Task objective:
Please output exactly the part of the records below that opens with the line containing "text \<open>Writing the" and closes with the line containing "by a definite", both lines included, and nothing else.
───── Excerpted records
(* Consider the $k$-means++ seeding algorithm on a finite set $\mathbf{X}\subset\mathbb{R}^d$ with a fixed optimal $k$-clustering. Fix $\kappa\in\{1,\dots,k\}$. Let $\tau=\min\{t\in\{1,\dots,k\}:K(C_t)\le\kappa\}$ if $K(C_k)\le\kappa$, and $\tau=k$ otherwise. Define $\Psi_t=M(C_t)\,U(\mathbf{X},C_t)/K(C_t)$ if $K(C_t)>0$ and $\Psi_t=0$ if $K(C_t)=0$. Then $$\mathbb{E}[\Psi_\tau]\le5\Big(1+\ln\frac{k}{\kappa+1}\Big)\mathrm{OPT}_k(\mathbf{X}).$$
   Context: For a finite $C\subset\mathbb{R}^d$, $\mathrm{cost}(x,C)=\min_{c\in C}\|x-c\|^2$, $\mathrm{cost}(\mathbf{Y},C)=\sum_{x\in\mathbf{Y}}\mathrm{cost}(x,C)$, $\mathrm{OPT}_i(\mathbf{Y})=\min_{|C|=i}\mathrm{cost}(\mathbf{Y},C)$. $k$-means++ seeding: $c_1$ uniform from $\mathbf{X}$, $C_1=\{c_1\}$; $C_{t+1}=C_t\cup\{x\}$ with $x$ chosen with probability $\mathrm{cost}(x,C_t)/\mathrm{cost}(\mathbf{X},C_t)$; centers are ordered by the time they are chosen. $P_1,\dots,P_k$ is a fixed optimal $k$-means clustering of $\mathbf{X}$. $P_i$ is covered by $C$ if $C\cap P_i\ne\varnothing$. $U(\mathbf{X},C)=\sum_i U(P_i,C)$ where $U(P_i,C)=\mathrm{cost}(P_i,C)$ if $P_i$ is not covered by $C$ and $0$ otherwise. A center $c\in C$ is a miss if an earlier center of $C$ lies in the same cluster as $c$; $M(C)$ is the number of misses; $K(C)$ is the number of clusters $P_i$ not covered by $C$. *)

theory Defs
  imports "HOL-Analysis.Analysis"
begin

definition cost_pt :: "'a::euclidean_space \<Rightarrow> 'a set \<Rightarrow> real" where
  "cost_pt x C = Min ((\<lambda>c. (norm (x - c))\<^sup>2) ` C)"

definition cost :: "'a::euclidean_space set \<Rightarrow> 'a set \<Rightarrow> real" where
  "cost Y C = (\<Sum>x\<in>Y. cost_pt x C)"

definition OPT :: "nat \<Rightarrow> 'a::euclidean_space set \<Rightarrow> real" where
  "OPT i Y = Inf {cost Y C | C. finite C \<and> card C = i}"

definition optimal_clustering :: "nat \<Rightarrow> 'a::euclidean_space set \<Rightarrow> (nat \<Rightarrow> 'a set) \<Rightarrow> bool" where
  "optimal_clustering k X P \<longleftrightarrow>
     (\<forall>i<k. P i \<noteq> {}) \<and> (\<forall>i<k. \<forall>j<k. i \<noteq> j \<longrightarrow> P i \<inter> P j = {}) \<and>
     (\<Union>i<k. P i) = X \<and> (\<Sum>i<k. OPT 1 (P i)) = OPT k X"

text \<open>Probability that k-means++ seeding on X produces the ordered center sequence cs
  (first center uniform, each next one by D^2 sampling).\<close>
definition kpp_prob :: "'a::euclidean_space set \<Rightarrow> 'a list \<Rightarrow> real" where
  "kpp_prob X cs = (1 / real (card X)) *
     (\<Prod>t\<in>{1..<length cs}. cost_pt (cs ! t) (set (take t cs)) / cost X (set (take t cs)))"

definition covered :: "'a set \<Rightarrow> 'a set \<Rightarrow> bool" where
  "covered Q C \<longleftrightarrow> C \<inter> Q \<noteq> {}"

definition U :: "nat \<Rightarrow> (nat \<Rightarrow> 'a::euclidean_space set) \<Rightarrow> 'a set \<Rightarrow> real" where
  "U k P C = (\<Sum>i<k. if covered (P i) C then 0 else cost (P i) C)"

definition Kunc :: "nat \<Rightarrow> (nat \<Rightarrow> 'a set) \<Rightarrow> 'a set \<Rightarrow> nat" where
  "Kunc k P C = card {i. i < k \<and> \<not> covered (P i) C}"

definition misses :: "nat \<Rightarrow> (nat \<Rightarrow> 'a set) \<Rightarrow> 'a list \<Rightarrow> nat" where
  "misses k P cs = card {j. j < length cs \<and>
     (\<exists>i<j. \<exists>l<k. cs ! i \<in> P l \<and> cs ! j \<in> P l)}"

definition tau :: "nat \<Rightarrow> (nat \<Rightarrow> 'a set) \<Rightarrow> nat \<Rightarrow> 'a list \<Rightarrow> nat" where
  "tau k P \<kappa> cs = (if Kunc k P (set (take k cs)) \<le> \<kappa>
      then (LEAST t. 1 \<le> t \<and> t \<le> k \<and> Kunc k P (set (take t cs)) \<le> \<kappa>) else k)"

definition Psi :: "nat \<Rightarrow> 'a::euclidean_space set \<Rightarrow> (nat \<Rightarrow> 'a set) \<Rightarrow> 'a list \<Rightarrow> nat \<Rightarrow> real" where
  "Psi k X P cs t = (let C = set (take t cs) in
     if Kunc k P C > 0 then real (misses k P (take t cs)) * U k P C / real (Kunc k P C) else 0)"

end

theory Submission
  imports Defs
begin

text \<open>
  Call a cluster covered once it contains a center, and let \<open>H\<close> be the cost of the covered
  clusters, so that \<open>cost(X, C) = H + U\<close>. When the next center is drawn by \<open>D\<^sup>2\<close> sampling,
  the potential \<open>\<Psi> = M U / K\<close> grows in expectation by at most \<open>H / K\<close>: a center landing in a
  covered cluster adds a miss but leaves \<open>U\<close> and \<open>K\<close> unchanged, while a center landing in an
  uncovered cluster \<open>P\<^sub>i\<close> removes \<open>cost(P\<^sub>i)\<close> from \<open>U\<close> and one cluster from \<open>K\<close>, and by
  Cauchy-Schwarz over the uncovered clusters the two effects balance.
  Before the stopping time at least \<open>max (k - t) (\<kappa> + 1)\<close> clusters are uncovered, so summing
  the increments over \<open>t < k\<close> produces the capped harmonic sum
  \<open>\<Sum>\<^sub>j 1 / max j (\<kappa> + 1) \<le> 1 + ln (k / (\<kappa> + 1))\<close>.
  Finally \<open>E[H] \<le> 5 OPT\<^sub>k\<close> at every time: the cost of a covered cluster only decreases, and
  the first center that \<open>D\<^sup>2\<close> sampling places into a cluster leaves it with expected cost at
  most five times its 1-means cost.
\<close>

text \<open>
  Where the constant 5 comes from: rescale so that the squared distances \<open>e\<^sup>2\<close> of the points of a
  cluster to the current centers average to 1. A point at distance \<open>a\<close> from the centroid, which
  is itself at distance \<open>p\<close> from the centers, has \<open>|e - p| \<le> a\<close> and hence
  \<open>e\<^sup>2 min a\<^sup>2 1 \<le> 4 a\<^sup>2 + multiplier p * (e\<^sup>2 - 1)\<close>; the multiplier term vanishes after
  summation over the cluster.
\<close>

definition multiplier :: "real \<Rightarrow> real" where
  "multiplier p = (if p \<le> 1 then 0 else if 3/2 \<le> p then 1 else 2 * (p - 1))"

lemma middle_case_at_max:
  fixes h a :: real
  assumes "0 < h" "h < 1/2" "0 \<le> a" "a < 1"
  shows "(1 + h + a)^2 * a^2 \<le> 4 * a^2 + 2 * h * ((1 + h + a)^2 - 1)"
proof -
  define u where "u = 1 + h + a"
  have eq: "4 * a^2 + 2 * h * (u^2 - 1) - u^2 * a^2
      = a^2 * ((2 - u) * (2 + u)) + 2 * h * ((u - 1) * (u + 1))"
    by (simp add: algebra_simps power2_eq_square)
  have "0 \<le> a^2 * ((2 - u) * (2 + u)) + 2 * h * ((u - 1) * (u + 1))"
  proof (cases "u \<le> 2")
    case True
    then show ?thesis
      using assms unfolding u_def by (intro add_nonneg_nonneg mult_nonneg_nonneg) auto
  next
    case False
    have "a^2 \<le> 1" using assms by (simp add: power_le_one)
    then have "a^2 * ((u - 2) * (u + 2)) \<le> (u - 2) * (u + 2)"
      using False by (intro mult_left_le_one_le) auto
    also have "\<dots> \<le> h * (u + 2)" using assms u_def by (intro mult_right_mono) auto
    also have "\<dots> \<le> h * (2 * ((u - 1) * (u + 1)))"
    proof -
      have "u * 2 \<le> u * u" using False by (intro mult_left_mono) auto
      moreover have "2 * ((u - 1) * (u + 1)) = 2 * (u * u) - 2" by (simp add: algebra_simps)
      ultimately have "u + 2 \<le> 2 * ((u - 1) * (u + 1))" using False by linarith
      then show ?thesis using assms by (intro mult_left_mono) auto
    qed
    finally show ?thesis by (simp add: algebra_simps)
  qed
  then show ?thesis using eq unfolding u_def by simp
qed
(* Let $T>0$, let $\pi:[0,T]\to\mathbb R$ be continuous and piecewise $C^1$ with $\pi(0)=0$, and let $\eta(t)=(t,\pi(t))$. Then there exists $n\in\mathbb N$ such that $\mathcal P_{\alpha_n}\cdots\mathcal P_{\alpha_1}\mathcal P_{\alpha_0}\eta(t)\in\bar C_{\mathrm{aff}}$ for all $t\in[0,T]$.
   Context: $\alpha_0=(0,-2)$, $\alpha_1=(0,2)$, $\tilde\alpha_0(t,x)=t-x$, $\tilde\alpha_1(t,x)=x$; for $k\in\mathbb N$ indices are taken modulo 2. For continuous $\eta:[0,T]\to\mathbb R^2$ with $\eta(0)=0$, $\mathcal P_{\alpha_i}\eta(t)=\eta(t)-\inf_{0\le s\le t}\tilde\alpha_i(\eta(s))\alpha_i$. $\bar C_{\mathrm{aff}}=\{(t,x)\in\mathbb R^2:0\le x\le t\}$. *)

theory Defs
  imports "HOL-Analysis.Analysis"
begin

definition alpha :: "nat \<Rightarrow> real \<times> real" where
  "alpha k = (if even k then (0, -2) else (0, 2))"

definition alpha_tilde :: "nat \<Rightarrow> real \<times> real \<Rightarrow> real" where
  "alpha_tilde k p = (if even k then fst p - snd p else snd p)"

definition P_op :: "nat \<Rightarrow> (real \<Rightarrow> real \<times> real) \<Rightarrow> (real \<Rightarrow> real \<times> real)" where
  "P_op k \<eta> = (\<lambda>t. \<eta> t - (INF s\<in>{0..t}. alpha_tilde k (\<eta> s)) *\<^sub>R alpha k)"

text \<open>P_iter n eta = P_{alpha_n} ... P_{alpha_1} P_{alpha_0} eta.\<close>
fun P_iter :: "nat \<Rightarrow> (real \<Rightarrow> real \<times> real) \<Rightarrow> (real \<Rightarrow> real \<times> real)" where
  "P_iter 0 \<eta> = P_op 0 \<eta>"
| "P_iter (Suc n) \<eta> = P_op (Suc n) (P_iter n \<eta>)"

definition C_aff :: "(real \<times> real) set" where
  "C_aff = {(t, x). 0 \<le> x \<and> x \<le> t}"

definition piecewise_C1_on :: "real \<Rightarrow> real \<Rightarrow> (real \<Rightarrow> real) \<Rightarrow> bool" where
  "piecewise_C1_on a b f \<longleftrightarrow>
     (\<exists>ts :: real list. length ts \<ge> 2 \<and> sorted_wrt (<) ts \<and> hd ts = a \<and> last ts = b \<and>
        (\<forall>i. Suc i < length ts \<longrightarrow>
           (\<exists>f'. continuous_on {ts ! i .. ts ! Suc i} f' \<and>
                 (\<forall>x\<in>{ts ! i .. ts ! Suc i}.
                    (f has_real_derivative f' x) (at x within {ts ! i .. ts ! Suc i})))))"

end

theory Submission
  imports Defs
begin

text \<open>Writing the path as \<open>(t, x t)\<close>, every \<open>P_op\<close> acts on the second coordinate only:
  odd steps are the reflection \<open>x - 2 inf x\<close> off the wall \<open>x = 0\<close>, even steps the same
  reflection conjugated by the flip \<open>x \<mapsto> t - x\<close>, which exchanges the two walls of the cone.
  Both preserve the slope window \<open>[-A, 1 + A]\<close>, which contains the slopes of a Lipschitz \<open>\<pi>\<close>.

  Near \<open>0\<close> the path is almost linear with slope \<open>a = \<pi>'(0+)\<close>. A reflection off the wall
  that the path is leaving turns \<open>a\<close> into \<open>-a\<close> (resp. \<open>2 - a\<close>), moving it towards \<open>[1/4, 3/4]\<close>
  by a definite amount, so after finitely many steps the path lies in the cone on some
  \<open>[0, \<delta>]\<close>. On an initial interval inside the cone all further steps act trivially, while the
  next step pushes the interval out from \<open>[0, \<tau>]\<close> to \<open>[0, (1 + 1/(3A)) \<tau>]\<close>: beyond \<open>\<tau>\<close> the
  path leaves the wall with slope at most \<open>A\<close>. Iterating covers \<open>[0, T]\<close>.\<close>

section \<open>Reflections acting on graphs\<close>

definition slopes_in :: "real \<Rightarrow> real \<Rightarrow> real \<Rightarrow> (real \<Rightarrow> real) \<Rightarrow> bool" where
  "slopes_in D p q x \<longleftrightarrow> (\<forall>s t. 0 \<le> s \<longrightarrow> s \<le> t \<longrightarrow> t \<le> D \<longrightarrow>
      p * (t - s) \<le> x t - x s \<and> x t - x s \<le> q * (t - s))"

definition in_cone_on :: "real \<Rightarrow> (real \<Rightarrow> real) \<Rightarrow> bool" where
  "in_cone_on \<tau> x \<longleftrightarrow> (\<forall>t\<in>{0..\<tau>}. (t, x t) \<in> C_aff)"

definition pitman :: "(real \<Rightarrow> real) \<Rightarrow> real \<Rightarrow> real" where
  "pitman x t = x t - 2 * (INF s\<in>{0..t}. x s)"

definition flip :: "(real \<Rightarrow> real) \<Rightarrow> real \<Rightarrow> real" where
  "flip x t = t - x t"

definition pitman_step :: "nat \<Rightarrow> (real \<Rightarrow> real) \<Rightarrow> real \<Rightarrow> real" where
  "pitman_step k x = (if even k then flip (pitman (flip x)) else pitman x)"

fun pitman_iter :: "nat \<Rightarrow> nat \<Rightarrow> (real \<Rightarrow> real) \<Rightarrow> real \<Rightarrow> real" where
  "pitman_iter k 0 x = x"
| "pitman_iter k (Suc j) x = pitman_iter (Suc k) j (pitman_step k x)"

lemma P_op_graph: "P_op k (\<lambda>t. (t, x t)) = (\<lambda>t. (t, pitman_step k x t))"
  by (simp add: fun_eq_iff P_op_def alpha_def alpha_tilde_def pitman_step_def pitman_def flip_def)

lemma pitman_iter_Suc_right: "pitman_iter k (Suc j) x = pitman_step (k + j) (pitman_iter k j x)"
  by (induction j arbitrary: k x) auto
──────────
Response to this task:
text \<open>Writing the path as \<open>(t, x t)\<close>, every \<open>P_op\<close> acts on the second coordinate only:
  odd steps are the reflection \<open>x - 2 inf x\<close> off the wall \<open>x = 0\<close>, even steps the same
  reflection conjugated by the flip \<open>x \<mapsto> t - x\<close>, which exchanges the two walls of the cone.
  Both preserve the slope window \<open>[-A, 1 + A]\<close>, which contains the slopes of a Lipschitz \<open>\<pi>\<close>.

  Near \<open>0\<close> the path is almost linear with slope \<open>a = \<pi>'(0+)\<close>. A reflection off the wall
  that the path is leaving turns \<open>a\<close> into \<open>-a\<close> (resp. \<open>2 - a\<close>), moving it towards \<open>[1/4, 3/4]\<close>
  by a definite amount, so after finitely many steps the path lies in the cone on some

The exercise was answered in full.